PJ runs just fine on any computer,
even when running multiple threads;
you simply won't see any parallel speedups.
Leave the parallel machines for final testing.
-
You may log into the paradox and paradise machines
for final testing of your PJ program.
However, depending on how many users are logged in
and what they are doing,
you may not get accurate timing measurements.
-
There is a job queue
for running PJ programs on the parasite machine
to do timing measurements.
The job queue itself runs on the paragon machine,
and the job queue executes one PJ program at a time
on the parasite machine.
This allows one PJ program at a time
have full use of the parasite machine
for more accurate timing measurements.
To use the parallel job queue,
first log into the paragon machine,
then run your program using this command:
java -Dpj.nt=<K> Foo . . .
replacing <K>
with the number of parallel threads.
(Logging into the parasite machine directly
is not allowed.)
-
The time limit for jobs in the job queue is one hour.
If your program runs longer than that,
the job queue will abort your program.
*Including the Comm.init() method call in your program
causes your program to go through the job queue
when you run your program on the paragon machine;
the program itself actually executes on the parasite machine.
When you run your program
on the paradox or paradise machine,
there is no job queue,
and the program executes directly
on the paradox or paradise machine.
Paragon Job Queue
Go to the following web page
to view the paragon job queue status:
http://paragon.cs.rit.edu:8080/
The web page automatically refreshes itself every 20 seconds,
or you can click the "Refresh" button to refresh immediately.
When you run a PJ program
on the paragon machine
using the job queue,
your program may have to wait a while
before the job queue lets it start running.
If you get tired of waiting,
you can kill your program
(e.g., by typing CTRL-C).
This removes your program from the job queue.
Developing Programs for the Cluster Parallel Computer
When developing programs for the cluster parallel computer,
please obey the rules below.
-
In your PJ program (both sequential and parallel programs),
include the lines shown in bold below.
Call the Comm.init() method
first thing in your main program,
after beginning to time the program.
The purpose of the Comm.init() method is explained later.*
import edu.rit.pj.Comm;
public class Foo
{
public static void main
(String[] args)
throws Exception
{
long t = -System.currentTimeMillis();
Comm.init (args);
. . .
}
}
-
Before compiling or running a PJ program on the CS Department machines,
be sure to set your Java classpath to include the PJ distribution.
Here is an example of a command for the bash shell
to set the classpath to the current directory
plus the PJ JAR file:
export CLASSPATH=.:/home/fac/ark/public_html/pj.jar
Here is an example of a command for the csh shell
to set the classpath to the current directory
plus the PJ JAR file:
setenv CLASSPATH .:/home/fac/ark/public_html/pj.jar
-
When editing, compiling, and debugging your PJ program,
log into one of the CS Department machines
other than the paranoia machine,
or use your own personal computer.
PJ runs just fine on any computer,
even when running a cluster parallel program;
you simply won't see any parallel speedups.

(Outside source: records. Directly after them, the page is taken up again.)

lemma gen_step_transposes_roots:
  fixes \<rho> q \<mu> :: "'a::field"
  assumes sq: "\<forall>x. (sq x)\<^sup>2 = x" and \<rho>: "\<rho>\<^sup>2 = q*\<mu>" and "q \<noteq> 0"
    and z: "root_feasible \<rho> \<mu> e z" and roots: "roots_of \<rho> z = (s1,s2,s3,s4)"
  shows "\<exists>z'. gen_step sq q z z' \<and> roots_of \<rho> z' = (s2,s1,s3,s4)"
    and "\<exists>z'. gen_step sq q z z' \<and> roots_of \<rho> z' = (s1,s3,s2,s4)"
    and "\<exists>z'. gen_step sq q z z' \<and> roots_of \<rho> z' = (s1,s2,s4,s3)"
proof -
  show "\<exists>z'. gen_step sq q z z' \<and> roots_of \<rho> z' = (s2,s1,s3,s4)"
    using roots_of_act12[OF roots] unfolding gen_step_def by blast
  show "\<exists>z'. gen_step sq q z z' \<and> roots_of \<rho> z' = (s1,s2,s4,s3)"
    using roots_of_act34[OF roots] unfolding gen_step_def by blast
  obtain a b c l where zz: "z = (a,b,c,l)"
    by (cases z)
  with z have "nonzero4 (a,b,c,l)" "b = \<mu>*l"
    by (auto simp: root_feasible_def)
  from roots_of_act23[OF sq \<rho> \<open>q \<noteq> 0\<close> this roots[unfolded zz]]
  have "roots_of \<rho> (act23 sq q z) = (s1,s3,s2,s4)"
    by (simp add: zz)
  then show "\<exists>z'. gen_step sq q z z' \<and> roots_of \<rho> z' = (s1,s3,s2,s4)"
    unfolding gen_step_def by blast
qed

lemma root_feasible_connected:
  fixes \<rho> q \<mu> :: "'a::field"
  assumes sq: "\<forall>x. (sq x)\<^sup>2 = x" and \<rho>: "\<rho>\<^sup>2 = q*\<mu>" and "q \<noteq> 0"
    and x: "root_feasible \<rho> \<mu> e x" and y: "root_feasible \<rho> \<mu> e y"
  shows "equivclp (gen_step sq q) x y"
proof -
  define P where "P s1 s2 s3 s4 \<longleftrightarrow> (\<exists>z. equivclp (gen_step sq q) x z \<and>
      root_feasible \<rho> \<mu> e z \<and> roots_of \<rho> z = (s1,s2,s3,s4))" for s1 s2 s3 s4
  have move: "P t1 t2 t3 t4"
    if P: "P s1 s2 s3 s4" and step: "\<And>z. root_feasible \<rho> \<mu> e z \<Longrightarrow> roots_of \<rho> z = (s1,s2,s3,s4) \<Longrightarrow>
      \<exists>z'. gen_step sq q z z' \<and> roots_of \<rho> z' = (t1,t2,t3,t4)"
    for s1 s2 s3 s4 t1 t2 t3 t4
  proof -
    obtain z where z: "equivclp (gen_step sq q) x z" "root_feasible \<rho> \<mu> e z"
      "roots_of \<rho> z = (s1,s2,s3,s4)"
      using P unfolding P_def by blast
    then obtain z' where z': "gen_step sq q z z'" "roots_of \<rho> z' = (t1,t2,t3,t4)"
      using step by blast
    have "equivclp (gen_step sq q) x z'"
      using z(1) z'(1) by (blast intro: equivclp_trans)
    moreover have "root_feasible \<rho> \<mu> e z'"
      using root_feasible_gen_step_iff[OF sq \<rho> \<open>q \<noteq> 0\<close> z'(1)] z(2) by blast
    ultimately show ?thesis
      using z'(2) unfolding P_def by blast
  qed
  note swaps = gen_step_transposes_roots[OF sq \<rho> \<open>q \<noteq> 0\<close>]
  have swap12: "P s2 s1 s3 s4" if "P s1 s2 s3 s4" for s1 s2 s3 s4
    by (rule move[OF that]) (rule swaps(1))
  have swap23: "P s1 s3 s2 s4" if "P s1 s2 s3 s4" for s1 s2 s3 s4
    by (rule move[OF that]) (rule swaps(2))
  have swap34: "P s1 s2 s4 s3" if "P s1 s2 s3 s4" for s1 s2 s3 s4
    by (rule move[OF that]) (rule swaps(3))
  obtain s1 s2 s3 s4 where sx: "roots_of \<rho> x = (s1,s2,s3,s4)"
    by (cases "roots_of \<rho> x")
  obtain t1 t2 t3 t4 where ty: "roots_of \<rho> y = (t1,t2,t3,t4)"
    by (cases "roots_of \<rho> y")
  have "P s1 s2 s3 s4"
    unfolding P_def using x sx by (intro exI[of _ x]) simp
  moreover have "esym4 (s1,s2,s3,s4) = esym4 (t1,t2,t3,t4)"
    using root_feasible_esym4[OF x] root_feasible_esym4[OF y] sx ty by simp
  ultimately have "P t1 t2 t3 t4"
    using esym4_eq_transfer[of P s1 s2 s3 s4 t1 t2 t3 t4] swap12 swap23 swap34 by blast
  then obtain z where z: "equivclp (gen_step sq q) x z" "root_feasible \<rho> \<mu> e z"
    "roots_of \<rho> y = roots_of \<rho> z"
    using ty unfolding P_def by metis
  obtain a b c l where zz: "z = (a,b,c,l)"
    by (cases z)
  obtain a' b' c' l' where yy: "y = (a',b',c',l')"
    by (cases y)
  have "nonzero4 (a,b,c,l)" "b = \<mu>*l" "nonzero4 (a',b',c',l')" "b' = \<mu>*l'"
    using z(2) y by (auto simp: zz yy root_feasible_def)
  moreover have "\<rho> \<noteq> 0"
    using \<rho> \<open>q \<noteq> 0\<close> \<open>nonzero4 (a,b,c,l)\<close> \<open>b = \<mu>*l\<close> by (auto simp: nonzero4_def)
  ultimately have "y = z \<or> y = negq z"
    using roots_of_eq_imp_eq_or_negq z(3) unfolding zz yy by blast
  moreover have "equivclp (gen_step sq q) z (negq z)"
    by (rule r_into_equivclp) (simp add: gen_step_def)
  ultimately show ?thesis
    using z(1) equivclp_trans by metis
qed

Leave the paranoia machine for final testing.
-
You may log into the paranoia machine
for final testing of your PJ program
and for doing timing measurements.
-
There is a job queue
for running PJ programs on the paranoia machine.

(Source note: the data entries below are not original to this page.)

lemma mod_round_trip:
  assumes "(i::nat) < k" "j = (i + a) mod k" "i = (j + b) mod k"
  shows "(a + b) mod k = 0"
proof -
  have "(i + (a + b)) mod k = ((i + a) mod k + b) mod k"
    by (simp add: mod_add_left_eq add.assoc)
  also have "\<dots> = i"
    using assms(3) unfolding assms(2) by (rule sym)
  also have "i = (i + 0) mod k"
    using assms(1) by simp
  finally have "(i + (a + b)) mod k = (i + 0) mod k" .
  from mod_add_left_cancel_nat[OF this] show ?thesis by simp
qed


(* Description of the equivalence relation by walks: the generating relation is the
   graph of a partial injection whose chains are walks of Lambda. *)
lemma gen_rel_single_valued: "single_valued (gen_rel k \<phi> S')"
  by (auto simp: gen_rel_def single_valued_def)

lemma gen_rel_converse_single_valued:
  assumes inj: "inj_on \<phi> S'"
  shows "single_valued ((gen_rel k \<phi> S')\<inverse>)"
proof (rule single_valuedI)
  fix x y z assume "(x, y) \<in> (gen_rel k \<phi> S')\<inverse>" "(x, z) \<in> (gen_rel k \<phi> S')\<inverse>"
  then obtain i s i' s' where y: "y = (i, s)" "i < k" "s \<in> S'" and z: "z = (i', s')" "i' < k" "s' \<in> S'"
    and x: "x = ((i + 1) mod k, \<phi> s)" "x = ((i' + 1) mod k, \<phi> s')"
    unfolding gen_rel_def by blast
  have "(1 + i) mod k = (1 + i') mod k" "\<phi> s = \<phi> s'"
    using x by (auto simp only: add.commute prod.inject)
  then have "i mod k = i' mod k" "s = s'"
    using mod_add_left_cancel_nat inj_onD[OF inj _ y(3) z(3)] by blast+
  then show "y = z" using y z by simp
qed

lemma gen_rel_rtrancl_reach:
  assumes "((i, s), (j, u)) \<in> (gen_rel k \<phi> S')\<^sup>*" "i < k"
  shows "\<exists>a. reach \<phi> S' s a u \<and> j = (i + a) mod k"
  using assms(1)
proof (induction rule: rtrancl_induct2)
  case refl
  then show ?case using assms(2) by (intro exI[of _ 0]) (simp add: reach_def walk_def)
next
  case (step j u j' u')
  then obtain a where a: "reach \<phi> S' s a u" "j = (i + a) mod k" by blast
  from step.hyps(2) have "u \<in> S'" "j' = (j + 1) mod k" "u' = \<phi> u"
    by (auto simp: gen_rel_def)
  then have "reach \<phi> S' s (Suc a) u'" "j' = (i + Suc a) mod k"
    using a by (simp_all add: reach_def walk_Suc mod_Suc_eq)
  then show ?case by blast
qed

lemma eqv_reach:
  assumes inj: "inj_on \<phi> S'" and rel: "((i, s), (j, u)) \<in> eqv k \<phi> S'"
    and ij: "i < k" "j < k"
  shows "(\<exists>a. reach \<phi> S' s a u \<and> j = (i + a) mod k) \<or> (\<exists>a. reach \<phi> S' u a s \<and> i = (j + a) mod k)"
proof -
  have "((i, s), (j, u)) \<in> (gen_rel k \<phi> S')\<^sup>* \<union> ((gen_rel k \<phi> S')\<^sup>*)\<inverse>"
    using rel unfolding eqv_def
    by (rule subsetD[OF rtrancl_symcl_partial_injection[OF gen_rel_single_valued
          gen_rel_converse_single_valued[OF inj]]])
  then show ?thesis
  proof
    assume "((i, s), (j, u)) \<in> (gen_rel k \<phi> S')\<^sup>*"
    from gen_rel_rtrancl_reach[OF this ij(1)] show ?thesis by blast
  next
    assume "((i, s), (j, u)) \<in> ((gen_rel k \<phi> S')\<^sup>*)\<inverse>"
    then have "((j, u), (i, s)) \<in> (gen_rel k \<phi> S')\<^sup>*" by simp
    from gen_rel_rtrancl_reach[OF this ij(2)] show ?thesis by blast
  qed
qed

lemma psi_eq_eqv:
  assumes "psi k \<phi> S' i s = psi k \<phi> S' j u"
  shows "((i, s), (j, u)) \<in> eqv k \<phi> S'"
proof -
  have "(j, u) \<in> psi k \<phi> S' j u" by (simp add: psi_def eqv_def)
  then have "(j, u) \<in> psi k \<phi> S' i s" using assms by simp
  then show ?thesis by (simp add: psi_def)
qed


lemma doubleton_function_exists:
  assumes single: "\<And>x y v w. x \<noteq> y \<Longrightarrow> rep x y v \<Longrightarrow> rep x y w \<Longrightarrow> v = w"
    and sym: "\<And>x y v. rep x y v \<Longrightarrow> rep y x v"
  shows "\<exists>h. \<forall>x y. x \<noteq> y \<longrightarrow>
           (\<forall>v. rep x y v \<longrightarrow> h {x, y} = v) \<and> ((\<nexists>v. rep x y v) \<longrightarrow> h {x, y} = d)"
proof -
  let ?val = "\<lambda>X v. \<exists>x y. X = {x, y} \<and> x \<noteq> y \<and> rep x y v"
  define h where "h X = (if \<exists>v. ?val X v then SOME v. ?val X v else d)" for X
  have val_iff: "?val {x, y} v \<longleftrightarrow> rep x y v" if xy: "x \<noteq> y" for x y v
  proof
    assume "?val {x, y} v"
    then obtain x' y' where "{x, y} = {x', y'}" "rep x' y' v" by blast
    then show "rep x y v" using sym by (auto simp: doubleton_eq_iff)
  next
    assume "rep x y v"
    then show "?val {x, y} v" using xy by blast
  qed
  have "h {x, y} = v" if xy: "x \<noteq> y" and r: "rep x y v" for x y v
  proof -
    have ex: "\<exists>v. ?val {x, y} v" using xy r by blast
    then have "?val {x, y} (SOME v. ?val {x, y} v)" by (rule someI_ex)
    then have "rep x y (SOME v. ?val {x, y} v)" using val_iff[OF xy] by blast
    then have "(SOME v. ?val {x, y} v) = v" using single[OF xy _ r] by blast
    then show ?thesis using ex by (simp add: h_def)
  qed
  moreover have "h {x, y} = d" if xy: "x \<noteq> y" and none: "\<nexists>v. rep x y v" for x y
  proof -
    have "\<not> (\<exists>v. ?val {x, y} v)" using val_iff[OF xy] none by blast
    then show ?thesis unfolding h_def by (rule if_not_P)
  qed
  ultimately show ?thesis by blast
qed


locale fold_data =
  fixes S S' S'' :: "'a set" and \<phi> :: "'a \<Rightarrow> 'a" and k :: nat
  assumes finS: "finite S"
    and S'_sub: "S' \<subseteq> S" and S''_sub: "S'' \<subseteq> S"
    and phi_bij: "bij_betw \<phi> S' S''"
    and k_cycles: "\<forall>s\<in>S. \<forall>n. cycle_len \<phi> S' s n \<longrightarrow> n dvd k"
    and k_paths: "\<forall>s\<in>S. \<forall>n. path_len \<phi> S' S'' s n \<longrightarrow> 2 * n < k"
begin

You must use the job queue to run a PJ program on the cluster.
The parallel job queue runs each PJ program
on a group of one or more thug machines.
The parallel job queue runs multiple PJ programs simultaneously,
in first-in-first-out order,
as long as enough thug machines are available.
However, the parallel job queue
lets only one PJ program at a time
run on each thug machine.
This lets one PJ program at a time
have full use of its group of thug machines
for more accurate timing measurements.
To use the parallel job queue,
first log into the paranoia machine,
then run your program using this command:
java -Dpj.np=<K> Foo . . .
replacing <K>
with the number of parallel processes.
-
Do not specify more than K = 8 parallel processes.
This is to avoid having any one user
tie up all the thug machines.
-
The time limit for jobs in the job queue is one hour.
If your program runs longer than that,
the job queue will abort your program.
*Including the Comm.init() method call in your program
causes your program to go through the job queue
when you run your program on the paranoia machine;
the program itself actually executes on the thug machines.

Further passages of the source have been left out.